Since at least 2012, the world of medical records in both the public and private sectors remains dominated by a push toward interoperable data, and more broadly useful health data. Like everything else in American healthcare, the effort has been only moderately successful despite a price tag in the billions. In a modern digital world, where technologies in so many industries are bringing better insights and next generation efficiency – driven by cloud computing, big data, AI and machine learning – U.S. healthcare companies still operate without a single unified medical records format.
Worse still, we’re spending our money in all the wrong places, investing about $5 billion annually into initiatives in scheduling, monitoring and medication tracking. Yet far less is spent on access to data, or on interoperable medical records. Generations of medical records are sitting in countless VA hospitals warehouses, and in the databases of every major insurer, on the campuses of research universities and in the offices of every doctor large and small around the country. Within those records are medical outcomes for everyone who ever visited a doctor, the longitudinal data of broader populations, the hidden warning signs of future diseases, the untold answers to drug efficacy questions, the indicators and the contraindicators.
None of this data is broadly useful as presently constituted. And, none of it is ready for primetime consumption by the big data machine our nation is building elsewhere in industry and business – until now.
1. AI is Solving Medical Record Interoperability
Thanks to advances in AI and machine learning, a solution to the medical record interoperability question has emerged – and it’s the kind of advance that may drive the next generation of health data technology.
Cognitive technologies are being used more extensively than ever in health data to guide people through operating complex data processes, to consume the growing volume of health information and to extract actionable insights from the noise. There are numerous successful examples of applied AI in health data that are today delivering highly accurate information treatment and workforce augmentation.
One example of applied AI uses cognitive technologies to acquire, structure and deliver health records into research grade data sets. The process takes an enormous volume of paper medical records, and automates the extraction of information on each page, a capability which has helped break down the data illiquidity challenging the healthcare industry.
This is how it works: computer vision is used in coordination with natural language processing to convert millions of records and notes into electronic documents. The electronic records are then processed by real people, to disambiguate the information they contain and make adjustments to the information that was incorrectly transcribed by the system. Connect this process to a machine learning feedback loop, and we can continuously train the AI digitizing system with manual intervention for greater accuracy.
With this process, we can accumulate and refine our data sets until they reach a high level of accuracy, in the form of a structured digital record.
2. Imagine AI on a Healthcare Blockchain
Applying AI to records extraction is only a first step.

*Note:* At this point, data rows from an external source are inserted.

(* Let $X$ be a planar Peano continuum and $x_0\in X$. If $x\in X$ is a wedge point for both of the pseudo-Hawaiian earring subgroups $H_1$ and $H_2$ of $\pi_1(X,x_0)$, then $H_1\sim H_2$.
   Context: $\mathbf E$ is the Hawaiian earring (union of circles centered at $(0,1/n)$ of radius $1/n$ in $\mathbb R^2$, basepoint $0$), $\mathbb H=\pi_1(\mathbf E,0)$. For a path $\alpha$, $\hat\alpha([g])=[\overline\alpha*g*\alpha]$. A pseudo-Hawaiian earring subgroup of $\pi_1(X,x_0)$ is a subgroup which is an uncountable homomorphic image of $\mathbb H$. A point $x$ is a wedge point of such $H$ if there exist a surjective homomorphism $\psi:\mathbb H\to H$, a continuous $f:(\mathbf E,0)\to(X,x)$ and a path $\alpha$ from $x$ to $x_0$ with $\psi=\hat\alpha\circ f_*$. $H_1\sim H_2$ means there exist $g\in\pi_1(X,x_0)$ and a pseudo-Hawaiian earring subgroup $H$ of $\pi_1(X,x_0)$ with $H_1\subset H$ and $gH_2g^{-1}\subset H$. *)

theory Defs
  imports "HOL-Analysis.Analysis" "HOL-Algebra.Group"
begin

definition loops :: "'a::topological_space set \<Rightarrow> 'a \<Rightarrow> (real \<Rightarrow> 'a) set" where
  "loops X x0 = {g. path g \<and> path_image g \<subseteq> X \<and> pathstart g = x0 \<and> pathfinish g = x0}"

definition path_class :: "'a::topological_space set \<Rightarrow> (real \<Rightarrow> 'a) \<Rightarrow> (real \<Rightarrow> 'a) set" where
  "path_class X g = {h. homotopic_paths X g h}"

Imagine the value AI could offer in the future to a potential healthcare blockchain, where the benefits of distributed records could be paired with cognitive technologies to target health insights automatically.
AI “agents” could one day soon be deployed on a health information blockchain to facilitate the discovery, development and delivery of an unprecedented level of personalized medicine.
If the blockchain were populated with health data, a swarm of AI agents — built and certified by leaders in the medical community — could search the records of individuals and populations in real-time, reflecting on each record as a single instance in a longitudinal databank. The AI agent could search for health-related warning signs and red flags that a doctor could easily miss in person and could aggregate the trends and insights of giant populations, predicting diseases in individuals, and outbreaks and overlooked cures for populations.
3. Better Data, Improved Insights
Whether we discuss the short-term victory already in action today, where we are creating digital and more sharable records, or the long-term vision, where our cognitive technologies power a generation of medicine-changing insights, one rule remains true. Accumulate enough structured records and the possibilities become endless.
If doctors have access to a patient’s entire medical history at the time of their visits, they become armed with far more meaningful information. If a research university could pull every cancer-related treatment outcome of the last five years with a few simple clicks, they would have far better statistical information at their fingertips as they search for the next generation of cures. Imagine, pharmaceutical companies selecting better trial groups, and pharmacists making better drug interaction choices; insurers improving claims and government health organizations more easily monitoring public health emergencies, catching correlations quicker and delivering information back to healthcare providers based on near real-time information.
Next-gen Tech to Solve Healthcare Challenges
Healthcare is under fire in America. Perhaps for good reason. The industry has for the most part not benefitted from a world growing more and more intelligent and efficient with each technological advance. Today, the industry should feel a sense of pressure to find new and better ways to share information and uncover patterns. With the sticker price for American healthcare being what it is, the attitudes of the general public and in the near enough future, the public policies of the country will increasingly demand either lower costs or better outcomes.
At its core, AI and machine learning may today be used to automate the digitization of medical records, but one day soon, the same tools could be the silver bullet. The tools exist today to create once-in-a-generation innovation, pushing U.S. health care into the modern digital era while simultaneously driving more actionable insight with less waste, more breakthroughs, improved care and better medical outcomes.